lemma closedin_code_image:
  assumes "mcomplete"
  shows "closedin baire_topology (code ` X)"
  unfolding baire_topology_def
proof (rule code_image.mcomplete_imp_closedin)
  show "code_image.sub.mcomplete"
    unfolding code_image.sub.mcomplete_def
  proof (intro allI impI)
    fix \<sigma> assume \<sigma>: "code_image.sub.MCauchy \<sigma>"
    then have "MCauchy (inv_into X code \<circ> \<sigma>)"
      by (rule MCauchy_inv_code)
    then obtain w where "limitin mtopology (inv_into X code \<circ> \<sigma>) w sequentially"
      using assms unfolding mcomplete_def by blast
    then have "limitin code_image.sub.mtopology (code \<circ> (inv_into X code \<circ> \<sigma>)) (code w) sequentially"
      by (rule continuous_map_limit[OF continuous_map_code])
    moreover have "code \<circ> (inv_into X code \<circ> \<sigma>) = \<sigma>"
    proof
      fix n
      have "range \<sigma> \<subseteq> code ` X"
        using \<sigma> by (simp add: code_image.sub.MCauchy_def)
      then show "(code \<circ> (inv_into X code \<circ> \<sigma>)) n = \<sigma> n"
        by (simp add: f_inv_into_f range_subsetD)
    qed
    ultimately show "\<exists>x. limitin code_image.sub.mtopology \<sigma> x sequentially" by metis
  qed
qed

lemma inv_into_inv_code: "u \<in> X \<Longrightarrow> inv_into (code ` X) (inv_into X code) u = code u"
  by (rule inv_into_inv_into_eq[OF inj_on_imp_bij_betw[OF inj_on_code]])

lemma baire_dist_code_le_twice_dist:
  assumes separated: "\<And>k u v. \<lbrakk>u \<in> X; v \<in> X; c k u \<noteq> c k v\<rbrakk> \<Longrightarrow> (1/2)^(k+1) \<le> d u v"
    and "u \<in> X" "v \<in> X"
  shows "baire_dist (code u) (code v) \<le> 2 * d u v"
proof (cases "code u = code v")
  case True
  then show ?thesis using assms by (simp add: baire_dist_def)
next
  case False
  then obtain n where "baire_dist (code u) (code v) = (1/2)^n" "code u n \<noteq> code v n"
    by (rule baire_dist_first_difference)
  then show ?thesis using separated[OF assms(2,3), of n] by (simp add: code_def)
qed

end

lemma (in Metric_space) separable_imp_dense_sequence:
  assumes "separable_space mtopology" "M \<noteq> {}"
  obtains e :: "nat \<Rightarrow> 'a" where "range e \<subseteq> M" "\<And>u r. \<lbrakk>u \<in> M; r > 0\<rbrakk> \<Longrightarrow> \<exists>j. d u (e j) < r"
proof -
  obtain C where C: "countable C" "C \<subseteq> M" "mtopology closure_of C = M"
    using assms(1) unfolding separable_space_def by auto
  then have "C \<noteq> {}" using assms(2) by auto
  show thesis
  proof
    show "range (from_nat_into C) \<subseteq> M"
      using C(2) from_nat_into[OF \<open>C \<noteq> {}\<close>] by blast
    fix u and r :: real
    assume "u \<in> M" "r > 0"
    then obtain y where "y \<in> C" "d u y < r"
      using C(3) unfolding metric_closure_of by fastforce
    then show "\<exists>j. d u (from_nat_into C j) < r"
      using from_nat_into_surj[OF C(1)] by metis
  qed
qed

lemma least_clopen_index_locally_constant:
  fixes G :: "nat \<Rightarrow> 'a set"
  assumes clopen: "\<And>n. closedin T (G n) \<and> openin T (G n)" and "u \<in> G k"
  obtains U where "openin T U" "u \<in> U" "\<And>v. v \<in> U \<Longrightarrow> (LEAST n. v \<in> G n) = (LEAST n. u \<in> G n)"
proof
  define m where "m = (LEAST n. u \<in> G n)"
  define U where "U = G m - (\<Union>n<m. G n)"
  show "openin T U"
    unfolding U_def using clopen by (intro openin_diff closedin_Union finite_imageI) auto
  show "u \<in> U"
    unfolding U_def m_def using assms(2) by (auto intro: LeastI dest: not_less_Least)
  fix v assume "v \<in> U"
  then show "(LEAST n. v \<in> G n) = m"
    unfolding U_def by (auto intro!: Least_equality simp: not_less[symmetric])
qed

lemma (in Metric_space) zero_dimensional_small_clopen_neighbourhood:
  assumes "mtopology dim_le 0" "u \<in> M" "\<epsilon> > 0"
  obtains V where "closedin mtopology V" "openin mtopology V" "u \<in> V"
    "\<And>x y. \<lbrakk>x \<in> V; y \<in> V\<rbrakk> \<Longrightarrow> d x y \<le> \<epsilon>"
proof -
  have "neighbourhood_base_of (\<lambda>V. closedin mtopology V \<and> openin mtopology V) mtopology"
    using assms(1) by (rule iffD1[OF dimension_le_0_neighbourhood_base_of_clopen])
  moreover have "openin mtopology (mball u (\<epsilon>/2)) \<and> u \<in> mball u (\<epsilon>/2)"
    using assms(2,3) by simp
  ultimately obtain U V where "openin mtopology U" "closedin mtopology V \<and> openin mtopology V"
    "u \<in> U" "U \<subseteq> V" and V_small: "V \<subseteq> mball u (\<epsilon>/2)"
    unfolding neighbourhood_base_of by meson
  then have "closedin mtopology V" "openin mtopology V" "u \<in> V"
    by auto
  moreover have "d x y \<le> \<epsilon>" if "x \<in> V" "y \<in> V" for x y
  proof -
    have "x \<in> M" "y \<in> M" "d u x < \<epsilon>/2" "d u y < \<epsilon>/2"
      using that V_small by auto
    moreover have "d x y \<le> d x u + d u y"
      using calculation(1) assms(2) calculation(2) by (rule triangle)
    ultimately show ?thesis by (simp add: commute)
  qed
  ultimately show thesis by (rule that)
qed

lemma (in Metric_space) small_clopen_cover:
  assumes sep: "separable_space mtopology" and zerodim: "mtopology dim_le 0" and "\<epsilon> > 0"
  obtains G :: "nat \<Rightarrow> 'a set"
  where "\<And>n. closedin mtopology (G n) \<and> openin mtopology (G n)"
    and "\<And>n x y. \<lbrakk>x \<in> G n; y \<in> G n\<rbrakk> \<Longrightarrow> d x y \<le> \<epsilon>"
    and "M \<subseteq> (\<Union>n. G n)"
proof (cases "M = {}")
  case True
  then show thesis by (intro that[of "\<lambda>_. {}"]) auto
next
  case False
  obtain e :: "nat \<Rightarrow> 'a" where e: "range e \<subseteq> M" "\<And>u r. \<lbrakk>u \<in> M; r > 0\<rbrakk> \<Longrightarrow> \<exists>j. d u (e j) < r"
    using separable_imp_dense_sequence[OF sep False] by blast
  define small_clopen where "small_clopen V \<longleftrightarrow>
    closedin mtopology V \<and> openin mtopology V \<and> (\<forall>x\<in>V. \<forall>y\<in>V. d x y \<le> \<epsilon>)" for V
  \<comment> \<open>\<open>H j m\<close> is a small clopen superset of the ball \<open>B(e j, 2\<^sup>-\<^sup>m)\<close> whenever one exists;
    every point lies in such a ball, so these countably many sets cover M\<close>
  define H where "H j m = (SOME V. small_clopen V \<and> ((\<exists>W. small_clopen W \<and> mball (e j) ((1/2)^m) \<subseteq> W)
           \<longrightarrow> mball (e j) ((1/2)^m) \<subseteq> V))" for j m :: nat
  have "small_clopen (H j m) \<and> ((\<exists>W. small_clopen W \<and> mball (e j) ((1/2)^m) \<subseteq> W)
           \<longrightarrow> mball (e j) ((1/2)^m) \<subseteq> H j m)" for j m
    unfolding H_def
  proof (rule someI_ex)
    have "small_clopen {}" by (simp add: small_clopen_def)
    then show "\<exists>V. small_clopen V \<and> ((\<exists>W. small_clopen W \<and> mball (e j) ((1/2)^m) \<subseteq> W)
           \<longrightarrow> mball (e j) ((1/2)^m) \<subseteq> V)"
      by (cases "\<exists>W. small_clopen W \<and> mball (e j) ((1/2)^m) \<subseteq> W") blast+
  qed
  then have H: "\<And>j m. small_clopen (H j m)"
    "\<And>j m W. \<lbrakk>small_clopen W; mball (e j) ((1/2)^m) \<subseteq> W\<rbrakk> \<Longrightarrow> mball (e j) ((1/2)^m) \<subseteq> H j m"
    by blast+
  have cover: "\<exists>j m. u \<in> H j m" if "u \<in> M" for u
  proof -
    obtain V where V: "closedin mtopology V" "openin mtopology V" "u \<in> V"
      "\<And>x y. \<lbrakk>x \<in> V; y \<in> V\<rbrakk> \<Longrightarrow> d x y \<le> \<epsilon>"
      using zero_dimensional_small_clopen_neighbourhood[OF zerodim \<open>u \<in> M\<close> \<open>\<epsilon> > 0\<close>] by blast
    then have "small_clopen V"
      unfolding small_clopen_def by blast
    obtain r where "r > 0" "mball u r \<subseteq> V"
      using V(2,3) unfolding openin_mtopology by blast
    have "r/2 > 0" using \<open>r > 0\<close> by simp
    then obtain m where m: "(1/2::real)^m < r/2"
      by (rule half_power_less)
    obtain j where j: "d u (e j) < (1/2)^m"
      using e(2)[OF \<open>u \<in> M\<close>, of "(1/2)^m"] by auto
    have "e j \<in> M" using e(1) by blast
    have "mball (e j) ((1/2)^m) \<subseteq> mball u r"
      using j m \<open>u \<in> M\<close> by (intro mball_subset) (auto simp: commute)
    then have "mball (e j) ((1/2)^m) \<subseteq> H j m"
      using H(2) \<open>small_clopen V\<close> \<open>mball u r \<subseteq> V\<close> by blast
    moreover have "u \<in> mball (e j) ((1/2)^m)"
      using j \<open>e j \<in> M\<close> \<open>u \<in> M\<close> by (simp add: commute)
    ultimately show ?thesis by blast
  qed
  have covered: "M \<subseteq> (\<Union>n. case_prod H (prod_decode n))"
  proof
    fix u assume "u \<in> M"
    then obtain j m where "u \<in> H j m" using cover by blast
    then have "u \<in> case_prod H (prod_decode (prod_encode (j, m)))" by simp
    then show "u \<in> (\<Union>n. case_prod H (prod_decode n))" by (rule UN_I[OF UNIV_I])
  qed
  have clopen: "closedin mtopology (case_prod H (prod_decode n)) \<and> openin mtopology (case_prod H (prod_decode n))"
    and small: "\<lbrakk>x \<in> case_prod H (prod_decode n); y \<in> case_prod H (prod_decode n)\<rbrakk> \<Longrightarrow> d x y \<le> \<epsilon>" for n x y
    using H(1)[of "fst (prod_decode n)" "snd (prod_decode n)"] unfolding small_clopen_def case_prod_beta
    by blast+
  show thesis by (rule that[OF clopen small covered])
qed

lemma (in Metric_space) locally_constant_index_small_fibres:
  assumes sep: "separable_space mtopology" and zerodim: "mtopology dim_le 0" and "\<epsilon> > 0"
  obtains g :: "'a \<Rightarrow> nat"
  where "\<And>u v. \<lbrakk>u \<in> M; v \<in> M; g u = g v\<rbrakk> \<Longrightarrow> d u v \<le> \<epsilon>"
    and "\<And>u. u \<in> M \<Longrightarrow> \<exists>r>0. \<forall>v\<in>M. d u v < r \<longrightarrow> g v = g u"
proof -
  obtain G :: "nat \<Rightarrow> 'a set" where clopen: "\<And>n. closedin mtopology (G n) \<and> openin mtopology (G n)"
    and small: "\<And>n x y. \<lbrakk>x \<in> G n; y \<in> G n\<rbrakk> \<Longrightarrow> d x y \<le> \<epsilon>" and covered: "M \<subseteq> (\<Union>n. G n)"
    by (rule small_clopen_cover[OF sep zerodim \<open>\<epsilon> > 0\<close>]) blast
  define g where "g u = (LEAST n. u \<in> G n)" for u
  have in_G: "u \<in> G (g u)" if u: "u \<in> M" for u
  proof -
    obtain n where "u \<in> G n" using covered u by blast
    then show ?thesis unfolding g_def by (rule LeastI)
  qed
  show thesis
  proof (rule that)
    fix u v assume "u \<in> M" "v \<in> M" "g u = g v"
    then have "u \<in> G (g u)" "v \<in> G (g u)"
      using in_G[of u] in_G[of v] by simp_all
    then show "d u v \<le> \<epsilon>" by (rule small)
  next
    fix u assume u: "u \<in> M"
    obtain U where U: "openin mtopology U" "u \<in> U" "\<And>v. v \<in> U \<Longrightarrow> g v = g u"
      unfolding g_def
      by (rule least_clopen_index_locally_constant[of mtopology G u "g u", OF clopen in_G[OF u]]) blast
    obtain r where r: "r > 0" "mball u r \<subseteq> U"
      using U(1,2) unfolding openin_mtopology by blast
    show "\<exists>r>0. \<forall>v\<in>M. d u v < r \<longrightarrow> g v = g u"
    proof (intro exI conjI ballI impI)
      show "r > 0" by (fact r(1))
      fix v assume "v \<in> M" "d u v < r"
      then have "v \<in> U" using r(2) u by auto
      then show "g v = g u" by (rule U(3))
    qed
  qed
qed
(* Let $A$ be a finite set with $q:=|A|\ge 2$ and let $n\ge 2$ be an integer. (a) Unless $q=n=2$, the symmetric group $\mathrm{Sym}(A^n)$ is generated by $n$ instructions. (b) If $q\ge 3$, then the alternating group $\mathrm{Alt}(A^n)$ is generated by $n$ instructions (i.e. there exist $n$ instructions, each an even permutation of $A^n$, which generate $\mathrm{Alt}(A^n)$).
   Context: Elements of $A^n$ are written $x=(x_1,\ldots,x_n)$. Any $f\in\mathrm{Sym}(A^n)$ is written $f(x)=(f_1(x),\ldots,f_n(x))$ with coordinate functions $f_i:A^n\to A$; the $i$-th coordinate function is trivial if $f_i(x)=x_i$ for all $x$. An instruction is a permutation $g$ of $A^n$ with at most one nontrivial coordinate function, i.e. $g(x)=(x_1,\ldots,x_{j-1},g_j(x),x_{j+1},\ldots,x_n)$ for some $j$ (it is said to update register $j$); by convention the identity is also an instruction. *)

theory Defs
  imports "HOL-Library.FuncSet" "HOL-Combinatorics.Permutations"
begin

definition cube :: "'a set \<Rightarrow> nat \<Rightarrow> (nat \<Rightarrow> 'a) set" where
  "cube A n = PiE {..<n} (\<lambda>_. A)"

definition Sym_set :: "'a set \<Rightarrow> nat \<Rightarrow> ((nat \<Rightarrow> 'a) \<Rightarrow> (nat \<Rightarrow> 'a)) set" where
  "Sym_set A n = {p. p permutes cube A n}"

definition Alt_set :: "'a set \<Rightarrow> nat \<Rightarrow> ((nat \<Rightarrow> 'a) \<Rightarrow> (nat \<Rightarrow> 'a)) set" where
  "Alt_set A n = {p. p permutes cube A n \<and> evenperm p}"

definition instruction :: "'a set \<Rightarrow> nat \<Rightarrow> ((nat \<Rightarrow> 'a) \<Rightarrow> (nat \<Rightarrow> 'a)) \<Rightarrow> bool" where
  "instruction A n g \<longleftrightarrow> g permutes cube A n \<and>
     (g = id \<or> (\<exists>j<n. \<forall>x\<in>cube A n. \<forall>i<n. i \<noteq> j \<longrightarrow> g x i = x i))"

inductive_set perm_gen :: "('b \<Rightarrow> 'b) set \<Rightarrow> ('b \<Rightarrow> 'b) set" for S where
  gen_id: "id \<in> perm_gen S"
| gen_base: "g \<in> S \<Longrightarrow> g \<in> perm_gen S"
| gen_comp: "f \<in> perm_gen S \<Longrightarrow> g \<in> perm_gen S \<Longrightarrow> f \<circ> g \<in> perm_gen S"
| gen_inv: "f \<in> perm_gen S \<Longrightarrow> inv f \<in> perm_gen S"

end

theory Submission
  imports Defs "HOL-Combinatorics.Cycles"
begin

text \<open>A group \<open>H\<close> of permutations of a finite set \<open>X\<close> that contains every product of two
  transpositions of \<open>X\<close> contains \<open>Alt(X)\<close>, and equals \<open>Sym(X)\<close> if it has an odd element. The
  set of \<open>Z\<close> whose double transpositions lie in \<open>H\<close> is closed under images by \<open>H\<close> and under
  unions of sets sharing two points; starting from the three points of a 3-cycle in \<open>H\<close>, one
  grows such a \<open>Z\<close> until it is invariant under the generators, and a reachability argument then
  shows \<open>Z = A\<^sup>n\<close>.

  The \<open>n\<close> generating instructions rotate one register cyclically, except on one or two
  exceptional lines. For \<open>q \<ge> 3\<close> the \<open>q\<close>-th powers of two generators have supports meeting in
  a single point, so their commutator is a 3-cycle; for \<open>q = 2\<close> the square of the product of two
  generators is one. The parity of a generator is read off by writing it as a rotation of one
  register, which is even, times transpositions.\<close>

section \<open>Groups containing all double transpositions\<close>


lemma funpow_fixpoint: "f a = a \<Longrightarrow> (f ^^ k) a = a"
  by (induction k) auto

lemma perm_gen_funpow: "f \<in> perm_gen S \<Longrightarrow> f ^^ k \<in> perm_gen S"
  by (induction k) (auto intro: perm_gen.intros)

lemma perm_gen_conj: "h \<in> perm_gen S \<Longrightarrow> g \<in> perm_gen S \<Longrightarrow> h \<circ> g \<circ> inv h \<in> perm_gen S"
  by (intro perm_gen.gen_comp perm_gen.gen_inv)

lemma perm_gen_permutes:
  assumes "\<forall>s\<in>S. s permutes X" and "h \<in> perm_gen S"
  shows "h permutes X"
  using assms(2)
proof induction
  case (gen_comp f g)
  then show ?case by (metis permutes_compose)
qed (use assms(1) permutes_id permutes_inv in blast)+

lemma evenperm_perm_gen:
  assumes "finite X" and "\<forall>s\<in>S. s permutes X \<and> evenperm s" and "h \<in> perm_gen S"
  shows "evenperm h"
proof -
  have "permutation g" if "g \<in> perm_gen S" for g
    using perm_gen_permutes[of S X g] assms(1,2) that permutation_permutes by blast
  with assms(3) show ?thesis
    by induction (use assms(2) in \<open>auto simp: evenperm_comp evenperm_inv\<close>)
qed

lemma transpose_conj:
  assumes "bij h" shows "h \<circ> transpose a b \<circ> inv h = transpose (h a) (h b)"
proof -
  have "transpose (h a) (h b) \<circ> h = h \<circ> transpose a b"
    using assms by (simp add: transpose_comp_eq bij_is_inj)
  then show ?thesis using assms by (metis bij_is_surj comp_id o_assoc surj_iff)
qed

definition double_transpositions :: "'b set \<Rightarrow> ('b \<Rightarrow> 'b) set" where
  "double_transpositions Z =
     {transpose a b \<circ> transpose c d | a b c d. a \<in> Z \<and> b \<in> Z \<and> c \<in> Z \<and> d \<in> Z \<and> a \<noteq> b \<and> c \<noteq> d}"

lemma double_transpositions_subset_iff:
  "double_transpositions Z \<subseteq> H \<longleftrightarrow>
     (\<forall>a\<in>Z. \<forall>b\<in>Z. \<forall>c\<in>Z. \<forall>d\<in>Z. a \<noteq> b \<longrightarrow> c \<noteq> d \<longrightarrow> transpose a b \<circ> transpose c d \<in> H)"
  unfolding double_transpositions_def by blast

++++++

Required action: Each line above with the string "covered" in it should be located and copied.

Written reply:
  have covered: "M \<subseteq> (\<Union>n. case_prod H (prod_decode n))"
  show thesis by (rule that[OF clopen small covered])
    and small: "\<And>n x y. \<lbrakk>x \<in> G n; y \<in> G n\<rbrakk> \<Longrightarrow> d x y \<le> \<epsilon>" and covered: "M \<subseteq> (\<Union>n. G n)"
    obtain n where "u \<in> G n" using covered u by blast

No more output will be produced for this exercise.